• _Prompt_
In full and without alteration, output each record given here.

(Collected data)

lemma rtranclp_hg_adj_if_hg_path:
  assumes "hg_path E vs es"
  shows "(hg_adj E)\<^sup>*\<^sup>* (hd vs) (last vs)"
proof -
  from assms have ne: "vs \<noteq> []" and len: "length es + 1 = length vs"
    and steps: "\<forall>i<length es. es!i \<in> E \<and> vs!i \<in> es!i \<and> vs!Suc i \<in> es!i"
    unfolding hg_path_def by auto
  have "(hg_adj E)\<^sup>*\<^sup>* (vs ! 0) (vs ! i)" if "i < length vs" for i
    using that
  proof (induction i)
    case (Suc i)
    then have "i < length es" using len by simp
    then have "hg_adj E (vs ! i) (vs ! Suc i)" using steps unfolding hg_adj_def by blast
    with Suc show ?case by simp
  qed simp
  from this[of "length vs - 1"] ne show ?thesis by (simp add: hd_conv_nth last_conv_nth)
qed

lemma hg_path_take:
  assumes "hg_path E vs es" "i < length vs"
  shows "hg_path E (take (Suc i) vs) (take i es)"
  using assms unfolding hg_path_def by simp

lemma hg_path_snoc:
  assumes path: "hg_path E vs es" and "e \<in> E" "e \<notin> set es" "w \<notin> set vs" "last vs \<in> e" "w \<in> e"
  shows "hg_path E (vs @ [w]) (es @ [e])"
proof -
  from path have ne: "vs \<noteq> []" and len: "length vs = Suc (length es)"
    and steps: "\<forall>i<length es. es!i \<in> E \<and> vs!i \<in> es!i \<and> vs!Suc i \<in> es!i"
    unfolding hg_path_def by auto
  have "(es @ [e]) ! l \<in> E \<and> (vs @ [w]) ! l \<in> (es @ [e]) ! l \<and> (vs @ [w]) ! Suc l \<in> (es @ [e]) ! l"
    if "l < length (es @ [e])" for l
  proof (cases "l < length es")
    case True
    with steps len show ?thesis by (simp add: nth_append)
  next
    case False
    with that have "l = length es" by simp
    moreover have "(vs @ [w]) ! length es = last vs" using ne len by (simp add: nth_append last_conv_nth)
    ultimately show ?thesis using assms(2,5,6) len by (simp add: nth_append)
  qed
  with path assms(2-4) show ?thesis unfolding hg_path_def by simp
qed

• _Expected answer_
lemma rtranclp_hg_adj_if_hg_path:
  assumes "hg_path E vs es"
  shows "(hg_adj E)\<^sup>*\<^sup>* (hd vs) (last vs)"
proof -
  from assms have ne: "vs \<noteq> []" and len: "length es + 1 = length vs"
    and steps: "\<forall>i<length es. es!i \<in> E \<and> vs!i \<in> es!i \<and> vs!Suc i \<in> es!i"
    unfolding hg_path_def by auto
  have "(hg_adj E)\<^sup>*\<^sup>* (vs ! 0) (vs ! i)" if "i < length vs" for i
    using that
  proof (induction i)
    case (Suc i)
    then have "i < length es" using len by simp
    then have "hg_adj E (vs ! i) (vs ! Suc i)" using steps unfolding hg_adj_def by blast
    with Suc show ?case by simp
  qed simp
  from this[of "length vs - 1"] ne show ?thesis by (simp add: hd_conv_nth last_conv_nth)
qed

lemma hg_path_take:
  assumes "hg_path E vs es" "i < length vs"
  shows "hg_path E (take (Suc i) vs) (take i es)"
  using assms unfolding hg_path_def by simp

lemma hg_path_snoc:
  assumes path: "hg_path E vs es" and "e \<in> E" "e \<notin> set es" "w \<notin> set vs" "last vs \<in> e" "w \<in> e"
  shows "hg_path E (vs @ [w]) (es @ [e])"
proof -
  from path have ne: "vs \<noteq> []" and len: "length vs = Suc (length es)"
    and steps: "\<forall>i<length es. es!i \<in> E \<and> vs!i \<in> es!i \<and> vs!Suc i \<in> es!i"
    unfolding hg_path_def by auto
  have "(es @ [e]) ! l \<in> E \<and> (vs @ [w]) ! l \<in> (es @ [e]) ! l \<and> (vs @ [w]) ! Suc l \<in> (es @ [e]) ! l"
    if "l < length (es @ [e])" for l
  proof (cases "l < length es")
    case True
    with steps len show ?thesis by (simp add: nth_append)
  next
    case False
    with that have "l = length es" by simp
    moreover have "(vs @ [w]) ! length es = last vs" using ne len by (simp add: nth_append last_conv_nth)
    ultimately show ?thesis using assms(2,5,6) len by (simp add: nth_append)
  qed
  with path assms(2-4) show ?thesis unfolding hg_path_def by simp
qed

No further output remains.